It runs like a HAL9000 (I suspect some Mac guru has configured it thus). So I do not wish to wipe and reinstall macOS. I wish to determine a list of all the apps and packages along with their version information installed via various sources like Mac App Store, manually installed software, Homebrew, MacPorts, Fink etc. For each app/package I am looking to obtain the following information:

  1. Installed version.

  2. Installation source, i.e. via a package manager (Homebrew, MacPorts, Fink), macOS pre-installed, or unknown (direct download).

  3. Primary configuration file location. For e.g. httdp.conf, my.cnf, php.ini bin and log dirs for A++ etc.

I don't think of the Mac App Store as a package manager per-se, and I guess the app are tied to ones Apple ID than the machine, right? By knowing the source or installation of package will help me with cleanup on unneeded apps and upgradation of the rest.

Additionally, it will be really helpful to identify components installed on virtual machines, XAMPP, MAMP environments etc. which have been in use.

I know theres containerisation, as Docker is installed.

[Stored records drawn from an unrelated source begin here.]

lemma mult_P_leading:
  assumes "m * d \<le> N"
  shows "\<exists>\<kappa>. \<kappa> \<noteq> 0 \<and> P m * P N - smult \<kappa> (P (N - m * d)) \<in> tail_span P (N - m * d + 1)"
proof -
  obtain \<kappa> where "\<kappa> \<noteq> 0"
    and leading: "[:0, 1:] ^ m * P N - smult \<kappa> (P (N - m * d)) \<in> tail_span P (N - m * d + 1)"
    using X_power_mult_P_leading[OF assms] by auto
  define R where "R = P m - monom (coeff (P m) m) m"
  have "R * P N \<in> tail_span P (N - m * d + 1)"
  proof (cases m)
    case 0
    then show ?thesis
      by (simp add: R_def P_0 tail_span_zero)
  next
    case (Suc m')
    have "degree R \<le> m'"
      unfolding R_def using degree_P[of m] Suc
      by (intro degree_le) (auto simp: coeff_eq_0 less_Suc_eq)
    then have "R * P N \<in> tail_span P (N - m' * d)"
      by (rule mult_tail_span) (simp add: tail_span.basis)
    then show ?thesis
      using assms d_pos Suc by (rule_tac tail_span_antimono) auto
  qed
  moreover have "P m * P N - smult (coeff (P m) m * \<kappa>) (P (N - m * d))
      = smult (coeff (P m) m) ([:0, 1:] ^ m * P N - smult \<kappa> (P (N - m * d))) + R * P N"
    by (simp add: R_def monom_altdef algebra_simps smult_diff_right)
  ultimately show ?thesis
    using leading lead_coeff_P_nonzero[of m] \<open>\<kappa> \<noteq> 0\<close>
    by (intro exI[of _ "coeff (P m) m * \<kappa>"]) (simp add: tail_span.add tail_span.smult)
qed
(* Let $K$ be an algebraically closed field, let $k\geq0$ be an integer, let $Q$ be the cyclic quiver with vertices $0,1,\dots,k$ and arrows $a_i:i\to i+1$ for $i<k$ and $a_k:k\to0$, and let $M_{\omega_1}$ be the $KQ$-module defined in the context. Then $\mathrm{Ext}^1_{KQ}\big(M_{\omega_1},\bigoplus_{\omega_1}KQ\big)\neq0$, where $\bigoplus_{\omega_1}KQ$ is the direct sum of $\omega_1$ copies of $KQ$.
   Context: Paths in a quiver are composable sequences of arrows written left to right, with trivial paths $e_v$; the path algebra $KQ$ has basis all paths, product = concatenation when the target of the first equals the source of the second, else $0$. Modules are right modules. $\omega_1$ is the first uncountable ordinal, $\mathrm{Lim}$ the class of nonzero limit ordinals. Fix a ladder system: for each $\alpha\in\omega_1\cap\mathrm{Lim}$ a set $C_\alpha=\{\zeta^\alpha_n:n\in\omega\}$, strictly increasingly enumerated and cofinal in $\alpha$, such that each $\zeta^\alpha_n$ equals $\delta+n+1$ for some $\delta\in\alpha\cap(\{0\}\cup\mathrm{Lim})$. For $\xi<\omega_1$ let $F^\xi=KQ$ if $\xi\notin\mathrm{Lim}$ and $F^\xi=\bigoplus_{n\in\omega}KQ$ if $\xi\in\mathrm{Lim}$; let $F=\bigoplus_{\xi<\omega_1}F^\xi$ (finite-support functions, coordinatewise operations). For $\gamma\in\omega_1\setminus\mathrm{Lim}$, $e^\gamma_0\in F$ has support $\{\gamma\}$ and value $e_0$ there; for $\alpha\in\mathrm{Lim}$ and $n\in\omega$, $e^{\alpha,n}_0\in F$ has support $\{\alpha\}$ and value at $\alpha$ the element of $\bigoplus_{m}KQ$ with support $\{n\}$ and value $e_0$. Let $G_\alpha$ be the $KQ$-submodule of $F$ generated by $\{e^{\zeta^\alpha_n}_0-e^{\alpha,n}_0+e^{\alpha,n+1}_0a_0a_1\cdots a_k:n\in\omega\}$, let $I=\sum_{\alpha\in\omega_1\cap\mathrm{Lim}}G_\alpha$, and let $M_{\omega_1}$ be the $KQ$-submodule of $F/I$ generated by $\{e^\gamma_0+I:\gamma\in\omega_1\setminus\mathrm{Lim}\}\cup\{e^{\alpha,n}_0+I:\alpha\in\omega_1\cap\mathrm{Lim},n\in\omega\}$. *)

theory Defs
  imports "HOL-Algebra.Ring" "HOL-Library.Countable_Set" "HOL-Library.Function_Algebras" "HOL-Computational_Algebra.Polynomial"
begin

definition alg_closed :: "'a::field itself \<Rightarrow> bool" where
  "alg_closed _ \<longleftrightarrow> (\<forall>p::'a poly. degree p > 0 \<longrightarrow> (\<exists>x. poly p x = 0))"

record ('r, 'm) rmod =
  mcarrier :: "'m set"
  madd :: "'m \<Rightarrow> 'm \<Rightarrow> 'm"
  mzero :: 'm
  mact :: "'m \<Rightarrow> 'r \<Rightarrow> 'm"   (* right action: mact m r = m . r *)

When I say packages, I'm primarily interested in:

  1. Major system services and Development libraries.

  2. RDBMS, such as MySQL, MariaDB, PostgreSQL etc.

  3. Web servers, such as Apache, Tomcat, Nginx, JBoss etc.

  4. Core language libraries, such as Python, PHP, Java etc. If filtering is a hassle, all is good too from library to GUI app.

  5. Programming language frameworks installed, such as PHP: Laravel, CodeIgniter; Python: MySQL Connectors etc.

  6. Testing frameworks, such as PHPUnit.

  7. Additional component packages and plugins installed/active beyond default configuration.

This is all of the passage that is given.